# WORK INSTRUCTION
Give back exactly the lines of the data below, starting with the line that has "n \<rho> \<longleftrightarrow>" and going on through the line that has "list \<Rightarrow> cmat".

*** Opening of INPUT DATA ***

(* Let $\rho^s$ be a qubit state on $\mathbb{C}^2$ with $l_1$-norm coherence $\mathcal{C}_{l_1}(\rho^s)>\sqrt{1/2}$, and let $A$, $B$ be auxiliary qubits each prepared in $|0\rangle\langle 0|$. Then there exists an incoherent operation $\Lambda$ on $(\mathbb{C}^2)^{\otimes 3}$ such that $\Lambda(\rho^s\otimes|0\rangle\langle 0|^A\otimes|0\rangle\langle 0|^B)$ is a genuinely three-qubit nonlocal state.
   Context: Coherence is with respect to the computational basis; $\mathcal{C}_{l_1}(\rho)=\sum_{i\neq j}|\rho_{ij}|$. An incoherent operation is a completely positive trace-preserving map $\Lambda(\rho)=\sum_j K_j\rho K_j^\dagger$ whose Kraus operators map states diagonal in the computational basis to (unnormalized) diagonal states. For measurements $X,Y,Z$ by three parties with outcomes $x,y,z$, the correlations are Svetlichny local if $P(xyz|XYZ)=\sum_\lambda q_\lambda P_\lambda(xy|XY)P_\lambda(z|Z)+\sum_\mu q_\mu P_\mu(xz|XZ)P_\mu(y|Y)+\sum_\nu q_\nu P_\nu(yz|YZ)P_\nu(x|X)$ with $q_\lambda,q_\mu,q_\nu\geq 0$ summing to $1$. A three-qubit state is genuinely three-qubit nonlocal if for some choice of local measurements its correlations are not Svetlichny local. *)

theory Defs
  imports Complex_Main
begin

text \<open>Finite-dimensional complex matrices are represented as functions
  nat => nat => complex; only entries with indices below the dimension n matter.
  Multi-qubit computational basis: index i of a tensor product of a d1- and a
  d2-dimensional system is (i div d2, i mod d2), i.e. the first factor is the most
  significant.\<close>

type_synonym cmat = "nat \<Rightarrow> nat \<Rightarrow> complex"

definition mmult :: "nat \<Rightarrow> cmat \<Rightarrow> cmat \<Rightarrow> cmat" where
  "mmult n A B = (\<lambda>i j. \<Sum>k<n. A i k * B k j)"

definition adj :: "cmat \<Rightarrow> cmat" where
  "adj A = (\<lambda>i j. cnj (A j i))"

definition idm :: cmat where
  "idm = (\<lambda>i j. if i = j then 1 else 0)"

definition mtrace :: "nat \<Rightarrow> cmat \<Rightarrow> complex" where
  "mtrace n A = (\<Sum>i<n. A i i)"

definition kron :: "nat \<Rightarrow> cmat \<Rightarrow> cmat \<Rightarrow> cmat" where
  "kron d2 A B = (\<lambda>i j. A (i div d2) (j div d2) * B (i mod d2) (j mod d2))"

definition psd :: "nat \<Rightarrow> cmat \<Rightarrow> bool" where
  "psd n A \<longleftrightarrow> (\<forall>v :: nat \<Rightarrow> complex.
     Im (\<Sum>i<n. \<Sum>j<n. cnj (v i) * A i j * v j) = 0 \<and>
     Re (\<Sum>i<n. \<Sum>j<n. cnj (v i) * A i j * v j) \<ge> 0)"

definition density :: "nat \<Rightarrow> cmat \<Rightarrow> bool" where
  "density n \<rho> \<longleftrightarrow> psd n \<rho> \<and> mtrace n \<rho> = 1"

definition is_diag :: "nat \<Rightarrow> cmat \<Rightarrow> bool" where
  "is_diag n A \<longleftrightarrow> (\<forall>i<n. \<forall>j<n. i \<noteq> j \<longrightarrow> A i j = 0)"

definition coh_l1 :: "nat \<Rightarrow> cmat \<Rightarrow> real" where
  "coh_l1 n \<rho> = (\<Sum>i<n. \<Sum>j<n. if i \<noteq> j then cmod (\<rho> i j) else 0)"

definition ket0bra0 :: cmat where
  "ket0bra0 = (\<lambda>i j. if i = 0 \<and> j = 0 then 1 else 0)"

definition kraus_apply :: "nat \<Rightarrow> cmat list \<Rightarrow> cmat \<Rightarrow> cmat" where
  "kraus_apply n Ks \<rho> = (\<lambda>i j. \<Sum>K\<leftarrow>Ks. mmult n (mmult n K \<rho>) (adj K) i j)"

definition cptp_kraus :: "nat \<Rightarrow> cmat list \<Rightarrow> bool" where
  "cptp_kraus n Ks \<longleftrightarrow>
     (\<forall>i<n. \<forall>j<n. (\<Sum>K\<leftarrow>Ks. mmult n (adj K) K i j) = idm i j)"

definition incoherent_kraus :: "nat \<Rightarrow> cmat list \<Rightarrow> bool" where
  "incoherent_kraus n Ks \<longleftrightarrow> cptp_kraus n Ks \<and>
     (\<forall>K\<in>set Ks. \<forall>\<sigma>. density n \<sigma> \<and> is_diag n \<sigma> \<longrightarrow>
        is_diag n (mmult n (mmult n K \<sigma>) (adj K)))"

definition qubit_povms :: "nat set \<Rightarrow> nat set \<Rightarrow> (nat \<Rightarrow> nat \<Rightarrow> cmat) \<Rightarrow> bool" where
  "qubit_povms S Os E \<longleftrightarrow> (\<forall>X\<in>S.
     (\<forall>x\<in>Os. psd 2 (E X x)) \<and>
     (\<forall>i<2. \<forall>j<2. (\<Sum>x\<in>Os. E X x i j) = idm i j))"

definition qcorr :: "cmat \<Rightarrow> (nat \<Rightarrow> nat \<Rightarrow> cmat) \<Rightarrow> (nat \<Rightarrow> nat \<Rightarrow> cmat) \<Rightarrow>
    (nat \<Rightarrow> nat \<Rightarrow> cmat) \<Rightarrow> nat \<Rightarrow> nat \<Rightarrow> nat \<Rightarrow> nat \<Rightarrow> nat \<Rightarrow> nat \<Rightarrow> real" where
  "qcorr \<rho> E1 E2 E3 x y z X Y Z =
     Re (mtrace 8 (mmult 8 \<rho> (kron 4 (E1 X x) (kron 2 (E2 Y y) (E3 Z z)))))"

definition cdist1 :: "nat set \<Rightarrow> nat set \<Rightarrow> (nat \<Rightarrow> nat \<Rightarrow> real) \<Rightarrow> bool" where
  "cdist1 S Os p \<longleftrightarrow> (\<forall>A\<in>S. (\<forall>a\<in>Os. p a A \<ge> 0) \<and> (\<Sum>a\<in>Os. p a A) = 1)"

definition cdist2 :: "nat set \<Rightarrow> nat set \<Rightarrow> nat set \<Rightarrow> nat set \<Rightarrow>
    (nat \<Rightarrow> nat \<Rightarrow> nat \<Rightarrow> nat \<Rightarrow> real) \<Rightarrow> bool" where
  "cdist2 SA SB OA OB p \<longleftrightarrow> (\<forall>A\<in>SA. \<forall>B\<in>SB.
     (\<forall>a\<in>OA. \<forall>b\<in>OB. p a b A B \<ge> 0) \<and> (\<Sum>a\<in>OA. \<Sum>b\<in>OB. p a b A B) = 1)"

*** Close of INPUT DATA ***

# ANSWER
  "density n \<rho> \<longleftrightarrow> psd n \<rho> \<and> mtrace n \<rho> = 1"

definition is_diag :: "nat \<Rightarrow> cmat \<Rightarrow> bool" where
  "is_diag n A \<longleftrightarrow> (\<forall>i<n. \<forall>j<n. i \<noteq> j \<longrightarrow> A i j = 0)"

definition coh_l1 :: "nat \<Rightarrow> cmat \<Rightarrow> real" where
  "coh_l1 n \<rho> = (\<Sum>i<n. \<Sum>j<n. if i \<noteq> j then cmod (\<rho> i j) else 0)"

definition ket0bra0 :: cmat where
  "ket0bra0 = (\<lambda>i j. if i = 0 \<and> j = 0 then 1 else 0)"

definition kraus_apply :: "nat \<Rightarrow> cmat list \<Rightarrow> cmat \<Rightarrow> cmat" where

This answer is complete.